[Aim of the exercise]: Show every line from the entries that follow which holds the word "ordered".

[Recorded information]:
(* Let $X$ be a finite set of even cardinality, $s:\mathfrak S_X\otimes_{\min}\mathfrak S_X\to\mathbb C$ a state, and $\tilde s=s\circ(q_C\otimes q_C)$, regarded as a state of $\mathcal S_{X,\mathbb Z_2}\otimes_{\rm c}\mathcal S_{X,\mathbb Z_2}$. Suppose the correlation $p_{\tilde s}(a,b|x,y)=\tilde s(e_{x,a}\otimes f_{y,b})$ is synchronous, i.e. $p_{\tilde s}(a,b|x,x)=0$ whenever $a\ne b$. Then $\tilde s$ is an abstract self-test for $\mathcal S_C$: there is exactly one state in $\mathcal S_C$ whose restriction to $\mathcal S_{X,\mathbb Z_2}\otimes\mathcal S_{X,\mathbb Z_2}$ equals $\tilde s$.
   Context: $\mathcal A_{X,\mathbb Z_2}$ is the universal unital C*-algebra generated by projections $e_{x,a}$ ($x\in X$, $a\in\mathbb Z_2$) with $e_{x,0}+e_{x,1}=1$; $\mathcal S_{X,\mathbb Z_2}=\mathrm{span}\{e_{x,a}\}$; in the second tensor factor the generators are written $f_{y,b}$. The Clifford algebra $\mathfrak C_X$ is the universal unital C*-algebra generated by self-adjoint unitaries $u_x$, $x\in X$, with $u_xu_y+u_yu_x=0$ for $x\ne y$. $q_C:\mathcal A_{X,\mathbb Z_2}\to\mathfrak C_X$ is the surjective *-homomorphism with $q_C(e_{x,0})=(1+u_x)/2$, $q_C(e_{x,1})=(1-u_x)/2$ (its kernel is the ideal generated by $e_{x,0}e_{y,0}+e_{y,0}e_{x,0}-e_{x,0}-e_{y,0}+\frac12$, $x\ne y$). $\mathfrak S_X=q_C(\mathcal S_{X,\mathbb Z_2})=\mathrm{span}\{1,u_x:x\in X\}\subseteq\mathfrak C_X$. $\mathcal S_C$ is the set of states of $\mathcal A_{X,\mathbb Z_2}\otimes_{\min}\mathcal A_{X,\mathbb Z_2}$ that factor through $q_C\otimes q_C:\mathcal A_{X,\mathbb Z_2}\otimes_{\min}\mathcal A_{X,\mathbb Z_2}\to\mathfrak C_X\otimes_{\min}\mathfrak C_X$. *)

theory Defs
  imports Complex_Main
begin

text \<open>Concrete model of the Clifford algebra C_X (X finite, linearly ordered so that
  ordered monomials u_S = product of u_x, x in S increasing, form a basis) and of
  C_X (x)_min C_X, which is finite dimensional, so the minimal tensor product is the
  algebraic one.  An element of C_X (x) C_X is given by its coefficient function on the
  basis u_S (x) u_T, S, T subsets of X.\<close>

type_synonym 'x clt = "'x set \<times> 'x set \<Rightarrow> complex"

definition sdiff :: "'a set \<Rightarrow> 'a set \<Rightarrow> 'a set" where
  "sdiff A B = (A - B) \<union> (B - A)"

text \<open>u_S u_T = cl_sgn S T * u_(S symdiff T)\<close>
definition cl_sgn :: "'x::linorder set \<Rightarrow> 'x set \<Rightarrow> complex" where
  "cl_sgn S T = (-1) ^ card {(i, j). i \<in> S \<and> j \<in> T \<and> j < i}"

definition clt_mult :: "'x::linorder set \<Rightarrow> 'x clt \<Rightarrow> 'x clt \<Rightarrow> 'x clt" where
  "clt_mult X a b = (\<lambda>(S, T). \<Sum>(S1, T1) \<in> Pow X \<times> Pow X.
      a (S1, T1) * b (sdiff S1 S, sdiff T1 T) * cl_sgn S1 (sdiff S1 S) * cl_sgn T1 (sdiff T1 T))"

text \<open>(u_S (x) u_T)^* = u_S^* (x) u_T^*, and u_S^* = u_S^(-1) = cl_sgn S S * u_S\<close>
definition clt_star :: "'x::linorder clt \<Rightarrow> 'x clt" where
  "clt_star a = (\<lambda>(S, T). cnj (a (S, T)) * cl_sgn S S * cl_sgn T T)"

definition lin_eval :: "'x set \<Rightarrow> 'x clt \<Rightarrow> 'x clt \<Rightarrow> complex" where
  "lin_eval X w a = (\<Sum>(S, T) \<in> Pow X \<times> Pow X. w (S, T) * a (S, T))"

definition cpos :: "complex \<Rightarrow> bool" where
  "cpos z \<longleftrightarrow> Im z = 0 \<and> 0 \<le> Re z"

text \<open>States of C_X (x)_min C_X (canonical representative: zero off Pow X x Pow X).\<close>
definition is_state_CC :: "'x::linorder set \<Rightarrow> 'x clt \<Rightarrow> bool" where
  "is_state_CC X w \<longleftrightarrow>
     (\<forall>S T. \<not> (S \<subseteq> X \<and> T \<subseteq> X) \<longrightarrow> w (S, T) = 0) \<and>
     w ({}, {}) = 1 \<and>
     (\<forall>a. cpos (lin_eval X w (clt_mult X (clt_star a) a)))"

text \<open>Membership in the operator subsystem S_X (x) S_X = span of (1 or u_x) (x) (1 or u_y).\<close>
definition in_SS :: "'x set \<Rightarrow> 'x clt \<Rightarrow> bool" where
  "in_SS X c \<longleftrightarrow> (\<forall>S \<in> Pow X. \<forall>T \<in> Pow X. c (S, T) \<noteq> 0 \<longrightarrow> card S \<le> 1 \<and> card T \<le> 1)"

[Response to the exercise]:
text \<open>Concrete model of the Clifford algebra C_X (X finite, linearly ordered so that
  ordered monomials u_S = product of u_x, x in S increasing, form a basis) and of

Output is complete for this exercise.